Dear NYU Community Members,

I want to thank the students, faculty, and staff who came to yesterday's listening session on diversity and inclusion, as well as the hundreds of others who couldn't attend but watched it live. I'd especially like to thank and applaud those who stood and gave voice to their thoughts, questions, criticisms, pain, and disappointment.

The University's leadership heard their message loudly, clearly, and directly.

It is a message that too often in the past has gone unheard; it requires attention, action, and change. We will start by immediately increasing staffing and doubling program funding for the Center for Multicultural Education and Programs (CMEP) to expand and enhance our programming efforts around issues of diversity and inclusion, and by taking concrete steps in the near term to move forward with one of the proposals raised repeatedly yesterday—a serious diversity training program. We are also implementing diversity training and providing relevant resources for faculty search committees in all the schools.

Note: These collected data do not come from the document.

text \<open>\<open>remove_cell\<close> filters out the zero left behind when a row of length 1 is emptied; the
  corner condition forces that row to be the last one.\<close>
lemma part_remove_cell:
  assumes "0 \<notin> set lam" and corner: "part lam (Suc y) < part lam y"
  shows "part (remove_cell lam y) = (part lam)(y := part lam y - 1)"
proof -
  have y: "1 \<le> y" "y \<le> length lam"
    using corner part_eq_0[of lam y] by (cases "y = 0"; fastforce)+
  show ?thesis
  proof (cases "part lam y = 1")
    case True
    then have "part lam (Suc y) = 0" using corner by simp
    then have "y = length lam" using part_pos_iff[OF assms(1), of "Suc y"] y by simp
    then obtain xs a where xs: "lam = xs @ [a]" and len: "length xs = y - 1"
      using y by (metis append_butlast_last_id length_butlast list.size(3) not_one_le_zero)
    have "lam[y - 1 := lam ! (y - 1) - 1] = xs @ [0]"
      using True xs len y by (simp add: part_def list_update_append)
    moreover have "filter (\<lambda>p. 0 < p) xs = xs"
      using assms(1) xs by (auto simp: filter_id_conv intro: gr0I)
    ultimately have "remove_cell lam y = xs" by (simp add: remove_cell_def)
    then show ?thesis using True len xs y by (auto simp: part_def fun_eq_iff nth_append)
  next
    case False
    then have "0 < lam ! (y - 1) - 1"
      using part_pos_iff[OF assms(1), of y] y by (simp add: part_def)
    then have "remove_cell lam y = lam[y - 1 := lam ! (y - 1) - 1]"
      using assms(1) unfolding remove_cell_def
      by (auto simp: filter_id_conv dest: set_update_subset_insert[THEN subsetD] intro: gr0I)
    then show ?thesis using part_list_update[OF y] y by (simp add: part_def)
  qed
qed

locale one_cell_ext =
  fixes lam nu :: "nat list" and y0 :: nat
  assumes is_partition_lam: "is_partition lam" and is_partition_nu: "is_partition nu"
    and row_pos: "1 \<le> y0"
    and part_nu: "part nu = (part lam)(y0 := Suc (part lam y0))"
begin

definition x0 :: nat where "x0 = part nu y0"

lemma x0_eq: "x0 = Suc (part lam y0)"
  by (simp add: x0_def part_nu)

lemma part_nu_eq: "part nu z = (if z = y0 then x0 else part lam z)"
  by (simp add: part_nu x0_eq)

lemma cells_nu: "cells nu = insert (x0, y0) (cells lam)"
  using row_pos by (auto simp: cells_def part_nu_eq x0_eq split: if_splits)

lemma new_cell_notin: "(x0, y0) \<notin> cells lam"
  by (simp add: cells_def x0_eq)

lemma nu_eq_add_cell: "nu = add_cell lam y0"
proof (rule part_inject)
  have "y0 \<le> length lam + 1"
  proof (rule ccontr)
    assume "\<not> y0 \<le> length lam + 1"
    then have "1 \<le> y0 - 1" "y0 - 1 \<noteq> y0" by simp_all
    then have "part nu y0 \<le> part lam (y0 - 1)"
      using part_mono[OF is_partition_nu, of "y0 - 1" y0] by (simp add: part_nu_eq)
    with \<open>\<not> y0 \<le> length lam + 1\<close> show False by (simp add: part_nu_eq x0_eq part_eq_0)
  qed
  then show "part nu = part (add_cell lam y0)" "0 \<notin> set (add_cell lam y0)"
    using part_add_cell[OF row_pos] zero_notin_add_cell[OF _ row_pos] is_partition_lam
    by (simp_all add: part_nu is_partition_def)
  show "0 \<notin> set nu" using is_partition_nu by (simp add: is_partition_def)
qed
lemma abs_Hfun_le:
  assumes "0 \<le> a" "0 \<le> b" "0 \<le> c" "0 \<le> d"
  shows "\<bar>Hfun k a b c d u v\<bar> \<le> ((a + b) / (real k + 1) + (c + d) / real k) * (u\<^sup>2 + v\<^sup>2) ^ (k + 1)"
proof -
  let ?s = "(u\<^sup>2 + v\<^sup>2) ^ (k + 1)"
  let ?A = "a / (2 * real k + 2) * (u ^ (2 * k + 2) + v ^ (2 * k + 2))"
  let ?B = "b / (real k + 1) * (u * v) ^ (k + 1)"
  let ?C = "c / real k * u ^ (k + 2) * v ^ k"
  let ?D = "d / real k * u ^ k * v ^ (k + 2)"
  have "\<bar>u ^ (2 * k + 2) * v ^ 0\<bar> \<le> ?s" "\<bar>u ^ 0 * v ^ (2 * k + 2)\<bar> \<le> ?s"
    "\<bar>u ^ (k + 1) * v ^ (k + 1)\<bar> \<le> ?s" "\<bar>u ^ (k + 2) * v ^ k\<bar> \<le> ?s" "\<bar>u ^ k * v ^ (k + 2)\<bar> \<le> ?s"
    by (intro abs_monomial_le; simp)+
  then have "\<bar>?A\<bar> \<le> a / (real k + 1) * ?s" and "\<bar>?B\<bar> \<le> b / (real k + 1) * ?s"
    and "\<bar>?C\<bar> \<le> c / real k * ?s" and "\<bar>?D\<bar> \<le> d / real k * ?s"
  proof -
    assume "\<bar>u ^ (2 * k + 2) * v ^ 0\<bar> \<le> ?s" "\<bar>u ^ 0 * v ^ (2 * k + 2)\<bar> \<le> ?s"
    then have "\<bar>u ^ (2 * k + 2) + v ^ (2 * k + 2)\<bar> \<le> 2 * ?s" by simp
    then have "a / (2 * real k + 2) * \<bar>u ^ (2 * k + 2) + v ^ (2 * k + 2)\<bar> \<le> a / (2 * real k + 2) * (2 * ?s)"
      using assms(1) by (intro mult_left_mono) simp_all
    moreover have "\<bar>?A\<bar> = a / (2 * real k + 2) * \<bar>u ^ (2 * k + 2) + v ^ (2 * k + 2)\<bar>"
      using assms(1) by (simp add: abs_mult)
    moreover have "a / (2 * real k + 2) * (2 * ?s) = a / (real k + 1) * ?s"
      by (simp add: field_simps)
    ultimately show "\<bar>?A\<bar> \<le> a / (real k + 1) * ?s" by linarith
  next
    assume "\<bar>u ^ (k + 1) * v ^ (k + 1)\<bar> \<le> ?s"
    then have "b / (real k + 1) * \<bar>u ^ (k + 1) * v ^ (k + 1)\<bar> \<le> b / (real k + 1) * ?s"
      using assms(2) by (intro mult_left_mono) simp_all
    moreover have "\<bar>?B\<bar> = b / (real k + 1) * \<bar>u ^ (k + 1) * v ^ (k + 1)\<bar>"
      using assms(2) by (simp add: abs_mult power_mult_distrib)
    ultimately show "\<bar>?B\<bar> \<le> b / (real k + 1) * ?s" by linarith
  next
    assume "\<bar>u ^ (k + 2) * v ^ k\<bar> \<le> ?s"
    then show "\<bar>?C\<bar> \<le> c / real k * ?s"
      using mult_left_mono[of _ _ "c / real k"] assms(3) by (simp add: abs_mult mult.assoc)
  next
    assume "\<bar>u ^ k * v ^ (k + 2)\<bar> \<le> ?s"
    then show "\<bar>?D\<bar> \<le> d / real k * ?s"
      using mult_left_mono[of _ _ "d / real k"] assms(4) by (simp add: abs_mult mult.assoc)
  qed
  moreover have "\<bar>Hfun k a b c d u v\<bar> \<le> \<bar>?A\<bar> + \<bar>?B\<bar> + \<bar>?C\<bar> + \<bar>?D\<bar>"
    unfolding Hfun_def
    using abs_triangle_ineq[of "?A + ?B + ?C" ?D] abs_triangle_ineq[of "?A + ?B" ?C] abs_triangle_ineq[of ?A ?B]
    by linarith
  moreover have "a / (real k + 1) * ?s + b / (real k + 1) * ?s + c / real k * ?s + d / real k * ?s
      = ((a + b) / (real k + 1) + (c + d) / real k) * ?s"
    by (simp add: add_divide_distrib distrib_right)
  ultimately show ?thesis by linarith
qed

text \<open>No integrability is needed: a non-integrable integrand has Bochner integral \<open>0\<close> on both sides.\<close>

lemma Ifun_scale:
  "Ifun k a b c d (\<lambda>x. l * u x) (\<lambda>x. l * u' x) (\<lambda>x. l * v x) (\<lambda>x. l * v' x)
   = l\<^sup>2 / 2 * H1_norm2 u u' v v' - l ^ (2 * k + 2) * (LINT x|lborel. Hfun k a b c d (u x) (v x))"
  by (simp add: Ifun_def H1_norm2_def Hfun_homogeneous power_mult_distrib flip: distrib_left)

lemma H1_norm2_eq_sum:
  assumes "H1 u u'" "H1 v v'"
  shows "H1_norm2 u u' v v' = (LINT x|lborel. (u x)\<^sup>2) + (LINT x|lborel. (v x)\<^sup>2)
    + (LINT x|lborel. (u' x)\<^sup>2) + (LINT x|lborel. (v' x)\<^sup>2)"
  using assms by (simp add: H1_norm2_def H1_def L2_def)

lemma integral_growth_le_H1_norm2_power:
  fixes G :: "real \<Rightarrow> real \<Rightarrow> real" and k :: nat
  assumes "H1 u u'" "H1 v v'" "0 < H1_norm2 u u' v v'"
    and "0 \<le> M" "\<And>s t. G s t \<le> M * (s\<^sup>2 + t\<^sup>2) ^ (k + 1)"
  shows "(LINT x|lborel. G (u x) (v x)) \<le> M * 18 ^ k * H1_norm2 u u' v v' ^ (k + 1)"
proof -
  define A where "A = H1_norm2 u u' v v'"
  have sq: "integrable lborel (\<lambda>x. (u x)\<^sup>2)" "integrable lborel (\<lambda>x. (v x)\<^sup>2)"
    using assms(1,2) by (simp_all add: H1_def L2_def)
  have nonneg: "0 \<le> (LINT x|lborel. (f x)\<^sup>2)" for f :: "real \<Rightarrow> real" by simp
  have le_A: "(LINT x|lborel. (u x)\<^sup>2) \<le> A" "(LINT x|lborel. (u' x)\<^sup>2) \<le> A"
      "(LINT x|lborel. (v x)\<^sup>2) \<le> A" "(LINT x|lborel. (v' x)\<^sup>2) \<le> A"
    and le_A': "(LINT x|lborel. (u x)\<^sup>2) + (LINT x|lborel. (v x)\<^sup>2) \<le> A"
    using H1_norm2_eq_sum[OF assms(1,2)] nonneg[of u] nonneg[of v] nonneg[of u'] nonneg[of v']
    unfolding A_def by linarith+
  have "AE x in lborel. (u x)\<^sup>2 \<le> 9 * A" "AE x in lborel. (v x)\<^sup>2 \<le> 9 * A"
    using assms(3) le_A by (auto intro!: H1_AE_square_le assms(1,2) simp: A_def)
  then have "AE x in lborel. G (u x) (v x) \<le> M * (18 * A) ^ k * ((u x)\<^sup>2 + (v x)\<^sup>2)"
  proof eventually_elim
    case (elim x)
    let ?s = "(u x)\<^sup>2 + (v x)\<^sup>2"
    have "G (u x) (v x) \<le> M * (?s * ?s ^ k)" using assms(5) by simp
    also have "\<dots> \<le> M * (?s * (18 * A) ^ k)"
      using elim by (intro mult_left_mono power_mono assms(4)) simp_all
    finally show ?case by (simp add: mult_ac)
  qed
  then have "(LINT x|lborel. G (u x) (v x)) \<le> (LINT x|lborel. M * (18 * A) ^ k * ((u x)\<^sup>2 + (v x)\<^sup>2))"
    using assms(3,4) sq by (intro integral_mono_AE') (simp_all add: A_def)
  also have "\<dots> = M * (18 * A) ^ k * ((LINT x|lborel. (u x)\<^sup>2) + (LINT x|lborel. (v x)\<^sup>2))"
    using sq by simp
  also have "\<dots> \<le> M * (18 * A) ^ k * A"
    using le_A' assms(3,4) by (intro mult_left_mono) (simp_all add: A_def)
  also have "\<dots> = M * 18 ^ k * A ^ (k + 1)"
    by (simp add: power_mult_distrib)
  finally show ?thesis by (simp add: A_def)
qed

lemma Ifun_zero: "Ifun k a b c d (\<lambda>_. 0) (\<lambda>_. 0) (\<lambda>_. 0) (\<lambda>_. 0) = 0"
  by (simp add: Ifun_def Hfun_def)

lemma Ifun_strict_local_min_zero:
  fixes k :: nat and a b c d :: real
  assumes "1 \<le> k" "0 \<le> a" "0 \<le> b" "0 \<le> c" "0 \<le> d"
  shows "\<exists>r>0. \<forall>u u' v v'. H1 u u' \<longrightarrow> H1 v v' \<longrightarrow>
      0 < H1_norm2 u u' v v' \<longrightarrow> sqrt (H1_norm2 u u' v v') < r \<longrightarrow>
      Ifun k a b c d u u' v v' > Ifun k a b c d (\<lambda>_. 0) (\<lambda>_. 0) (\<lambda>_. 0) (\<lambda>_. 0)"
proof -
  define M where "M = (a + b) / (real k + 1) + (c + d) / real k"
  define K where "K = M * 18 ^ k"
  define r where "r = 1 / (2 * K + 1)"
  have "0 \<le> M" using assms by (simp add: M_def)
  then have K: "0 \<le> K" by (simp add: K_def)
  then have r: "0 < r" "r \<le> 1" "K * r < 1 / 2" by (simp_all add: r_def field_simps)
  have growth: "Hfun k a b c d s t \<le> M * (s\<^sup>2 + t\<^sup>2) ^ (k + 1)" for s t
    using abs_Hfun_le[OF assms(2-5), of k s t] by (simp add: M_def abs_le_iff)
  have "Ifun k a b c d u u' v v' > 0"
    if "H1 u u'" "H1 v v'" "0 < H1_norm2 u u' v v'" "sqrt (H1_norm2 u u' v v') < r" for u u' v v'
  proof -
    define A where "A = H1_norm2 u u' v v'"
    have A: "0 < A" using that(3) by (simp add: A_def)
    have "A < r\<^sup>2"
      using power_strict_mono[OF that(4), of 2] A by (simp add: A_def)
    also have "r\<^sup>2 \<le> r" using r by (simp add: power2_eq_square mult_left_le)
    finally have "A < r" .
    then have "A ^ k \<le> A" using power_decreasing[of 1 k A] assms(1) A r(2) by simp
    then have "K * A ^ k < 1 / 2"
      using \<open>A < r\<close> r(3) K mult_left_mono[of "A ^ k" r K] by linarith
    then have "K * A ^ k * A < 1 / 2 * A" using A by (intro mult_strict_right_mono)
    moreover have "(LINT x|lborel. Hfun k a b c d (u x) (v x)) \<le> K * A ^ k * A"
      using integral_growth_le_H1_norm2_power[OF that(1-3) \<open>0 \<le> M\<close> growth]
      by (simp add: K_def A_def mult_ac)
    ultimately show ?thesis by (simp add: Ifun_def A_def H1_norm2_def)
  qed
  then show ?thesis using r(1) by (auto simp: Ifun_zero)
qed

In addition, in order to weave these issues into the fabric of our institutional culture, we will ask the University Senate Executive Committee to form an ad hoc committee on diversity and inclusion, using the many useful ideas that were surfaced yesterday as a starting point to recommend by March (if not earlier) specific actions that the University could undertake. And we will have the Dean's Council—in consultation with students, faculty, and staff—identify what more can be done in the schools and ensure that it is done.

Yesterday's event wasn't the start of the discourse about race, justice, fairness, inclusion, and community at NYU; it certainly won't be the end. But I hope and believe it can be a turning point, prompting us to be more careful listeners, to reassure all our students that they are valued and belong here, and to find new ways to effect changes needed so that NYU—and more broadly our society—can live up to its ideals and promises. I know that the incoming president, Andrew Hamilton, is deeply concerned about these issues and is committed as well to continuing to move the dialogue towards action when he arrives in January.